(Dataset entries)
lemma stack_index_image_diagonal:
  assumes F: "diag_plane_family n d k S \<beta>" and "k \<le> d" and "0 < d"
    and q: "q \<in> diagonals n (k + 1)"
  shows "stack_index d S \<beta> ` q \<in> diagonals n d"
proof -
  let ?h = "stack_index d S \<beta>"
  have q_sub: "q \<subseteq> index_set n (k + 1)" and "card q = n"
    using q unfolding diagonals_def by auto
  have sep: "\<forall>i<d. ?h a ! i \<noteq> ?h b ! i" if "a \<in> q" "b \<in> q" "a \<noteq> b" for a b
    using that q q_sub stack_index_separates[OF F \<open>k \<le> d\<close>]
    unfolding diagonals_def by blast
  have "inj_on ?h q" using inj_on_if_all_coords_differ[OF \<open>0 < d\<close> sep] .
  hence "card (?h ` q) = n" using \<open>card q = n\<close> by (simp add: card_image)
  moreover have "?h ` q \<subseteq> index_set n d"
    using q_sub stack_index_in_index_set[OF F \<open>k \<le> d\<close>] by auto
  ultimately show ?thesis unfolding diagonals_def using sep by blast
qed

lemma positive_diagonal_of_stack:
  assumes "diag_plane_family n d k S \<beta>" and "k \<le> d" and "0 < d"
    and "q \<in> diagonals n (k + 1)" and "\<forall>x\<in>q. 0 < stack_planes d A S \<beta> x"
  shows "\<exists>p\<in>diagonals n d. \<forall>\<alpha>\<in>p. 0 < A \<alpha>"
  using stack_index_image_diagonal[OF assms(1-4)] assms(5)
  by (intro bexI[of _ "stack_index d S \<beta> ` q"]) (auto simp: stack_planes_eq)

lemma diagonal_first_coord_bij:
  assumes p: "p \<in> diagonals n d" and "0 < d"
  shows "bij_betw (\<lambda>\<alpha>. \<alpha> ! 0) p {..<n}"
proof -
  have inj: "inj_on (\<lambda>\<alpha>. \<alpha> ! 0) p"
    using p \<open>0 < d\<close> unfolding diagonals_def by (auto intro!: inj_onI)
  have "(\<lambda>\<alpha>. \<alpha> ! 0) ` p \<subseteq> {..<n}"
    using p \<open>0 < d\<close> unfolding diagonals_def index_set_def by (force intro: nth_mem)
  moreover have "card ((\<lambda>\<alpha>. \<alpha> ! 0) ` p) = card {..<n}"
    using p inj by (simp add: card_image diagonals_def)
  ultimately show ?thesis using inj by (simp add: bij_betw_def card_subset_eq)
qed

definition diagonal_plane_values :: "nat list set \<Rightarrow> nat \<Rightarrow> nat \<Rightarrow> nat" where
  "diagonal_plane_values p t i = inv_into p (\<lambda>\<alpha>. \<alpha> ! 0) t ! i"

lemma diagonal_plane_values_first_coord:
  assumes "p \<in> diagonals n d" and "0 < d" and "a \<in> p"
  shows "diagonal_plane_values p (a ! 0) i = a ! i"
  using bij_betw_inv_into_left[OF diagonal_first_coord_bij[OF assms(1,2)] assms(3)]
  unfolding diagonal_plane_values_def by simp

lemma diag_plane_family_diagonal_plane_values:
  assumes p: "p \<in> diagonals n d" and "k < d"
  shows "diag_plane_family n d k {..<d - k} (diagonal_plane_values p)"
proof -
  have bij: "bij_betw (\<lambda>\<alpha>. \<alpha> ! 0) p {..<n}"
    using diagonal_first_coord_bij[OF p] \<open>k < d\<close> by simp
  let ?pt = "inv_into p (\<lambda>\<alpha>. \<alpha> ! 0)"
  have pt_in: "t < n \<Longrightarrow> ?pt t \<in> p" for t
    using bij by (auto intro: inv_into_into simp: bij_betw_def)
  have pt_inj: "t < n \<Longrightarrow> u < n \<Longrightarrow> t \<noteq> u \<Longrightarrow> ?pt t \<noteq> ?pt u" for t u
    using bij by (metis bij_betw_inv_into_right lessThan_iff)
  show ?thesis
    unfolding diag_plane_family_def diagonal_plane_values_def
    using p pt_in pt_inj by (fastforce simp: diagonals_def index_set_def)
qed

lemma positive_diagonal_to_stack:
  assumes "k < d" and p: "p \<in> diagonals n d" and pos: "\<forall>\<alpha>\<in>p. 0 < A \<alpha>"
  shows "\<exists>S \<beta>. diag_plane_family n d k S \<beta> \<and>
           (\<exists>q\<in>diagonals n (k + 1). \<forall>x\<in>q. 0 < stack_planes d A S \<beta> x)"
proof -
  let ?m = "d - k" and ?\<beta> = "diagonal_plane_values p"
  have p_sub: "p \<subseteq> index_set n d" and "card p = n"
    and p_sep: "\<And>a b. a \<in> p \<Longrightarrow> b \<in> p \<Longrightarrow> a \<noteq> b \<Longrightarrow> \<forall>i<d. a ! i \<noteq> b ! i"
    using p unfolding diagonals_def by auto
  define g where "g \<alpha> = (\<alpha> ! 0) # drop ?m \<alpha>" for \<alpha> :: "nat list"
  have stack_index_g: "stack_index d {..<?m} ?\<beta> (g a) = a" if a: "a \<in> p" for a
  proof (rule nth_equalityI)
    have la: "length a = d" using a p_sub unfolding index_set_def by auto
    thus "length (stack_index d {..<?m} ?\<beta> (g a)) = length a" by (simp add: stack_index_def)
    fix i assume "i < length (stack_index d {..<?m} ?\<beta> (g a))"
    hence i: "i < d" by (simp add: stack_index_def)
    have "{..<i} - {..<?m} = {?m..<i}" by auto
    hence "card ({..<i} - {..<?m}) = i - ?m" by simp
    thus "stack_index d {..<?m} ?\<beta> (g a) ! i = a ! i"
      using i la diagonal_plane_values_first_coord[OF p _ a] \<open>k < d\<close>
      unfolding stack_index_def g_def by auto
  qed
  have g_sep: "\<forall>j<k + 1. g a ! j \<noteq> g b ! j" if "a \<in> p" "b \<in> p" "a \<noteq> b" for a b
  proof -
    have "length a = d" "length b = d" using that p_sub unfolding index_set_def by auto
    thus ?thesis
      using p_sep[OF that] \<open>k < d\<close> unfolding g_def by (auto simp: nth_Cons split: nat.split)
  qed
  have g_in: "g a \<in> index_set n (k + 1)" if "a \<in> p" for a
    using that p_sub \<open>k < d\<close> set_drop_subset[of ?m a]
    unfolding index_set_def g_def by (fastforce intro: nth_mem)
  have "inj_on g p" using inj_on_if_all_coords_differ[of "k + 1", OF _ g_sep] by simp
  hence "g ` p \<in> diagonals n (k + 1)"
    unfolding diagonals_def using g_in g_sep \<open>card p = n\<close> by (auto simp: card_image)
  moreover have "\<forall>x\<in>g ` p. 0 < stack_planes d A {..<?m} ?\<beta> x"
    using pos stack_index_g by (auto simp: stack_planes_eq)
  ultimately show ?thesis using diag_plane_family_diagonal_plane_values[OF p \<open>k < d\<close>] by blast
qed

lemma stack_planes_nonneg:
  assumes "\<forall>\<alpha>\<in>index_set n d. 0 \<le> A \<alpha>" and "diag_plane_family n d k S \<beta>" and "k \<le> d"
  shows "\<forall>x\<in>index_set n (k + 1). 0 \<le> stack_planes d A S \<beta> x"
  using assms stack_index_in_index_set by (auto simp: stack_planes_eq)

lemma positive_diagonal_iff_stack:
  assumes "k < d"
  shows "(\<exists>p\<in>diagonals n d. \<forall>\<alpha>\<in>p. 0 < A \<alpha>) \<longleftrightarrow>
    (\<exists>S \<beta>. diag_plane_family n d k S \<beta> \<and>
       (\<exists>q\<in>diagonals n (k + 1). \<forall>x\<in>q. 0 < stack_planes d A S \<beta> x))"
proof
  assume "\<exists>p\<in>diagonals n d. \<forall>\<alpha>\<in>p. 0 < A \<alpha>"
  thus "\<exists>S \<beta>. diag_plane_family n d k S \<beta> \<and>
      (\<exists>q\<in>diagonals n (k + 1). \<forall>x\<in>q. 0 < stack_planes d A S \<beta> x)"
    using positive_diagonal_to_stack[OF assms] by blast
next
  assume "\<exists>S \<beta>. diag_plane_family n d k S \<beta> \<and>
      (\<exists>q\<in>diagonals n (k + 1). \<forall>x\<in>q. 0 < stack_planes d A S \<beta> x)"
  then obtain S \<beta> q where "diag_plane_family n d k S \<beta>" "q \<in> diagonals n (k + 1)"
    "\<forall>x\<in>q. 0 < stack_planes d A S \<beta> x" by blast
  with assms show "\<exists>p\<in>diagonals n d. \<forall>\<alpha>\<in>p. 0 < A \<alpha>"
    by (intro positive_diagonal_of_stack) auto
qed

Exercise goal >>
Go to the line with "thus ?thesis" in the entries above and repeat every line from there through the line with "using assms stack_index_in_index_set", exactly and with no other text.

Output below >>
    thus ?thesis
      using p_sep[OF that] \<open>k < d\<close> unfolding g_def by (auto simp: nth_Cons split: nat.split)
  qed
  have g_in: "g a \<in> index_set n (k + 1)" if "a \<in> p" for a
    using that p_sub \<open>k < d\<close> set_drop_subset[of ?m a]
    unfolding index_set_def g_def by (fastforce intro: nth_mem)
  have "inj_on g p" using inj_on_if_all_coords_differ[of "k + 1", OF _ g_sep] by simp
  hence "g ` p \<in> diagonals n (k + 1)"
    unfolding diagonals_def using g_in g_sep \<open>card p = n\<close> by (auto simp: card_image)
  moreover have "\<forall>x\<in>g ` p. 0 < stack_planes d A {..<?m} ?\<beta> x"
    using pos stack_index_g by (auto simp: stack_planes_eq)
  ultimately show ?thesis using diag_plane_family_diagonal_plane_values[OF p \<open>k < d\<close>] by blast
qed

lemma stack_planes_nonneg:
  assumes "\<forall>\<alpha>\<in>index_set n d. 0 \<le> A \<alpha>" and "diag_plane_family n d k S \<beta>" and "k \<le> d"
  shows "\<forall>x\<in>index_set n (k + 1). 0 \<le> stack_planes d A S \<beta> x"
  using assms stack_index_in_index_set by (auto simp: stack_planes_eq)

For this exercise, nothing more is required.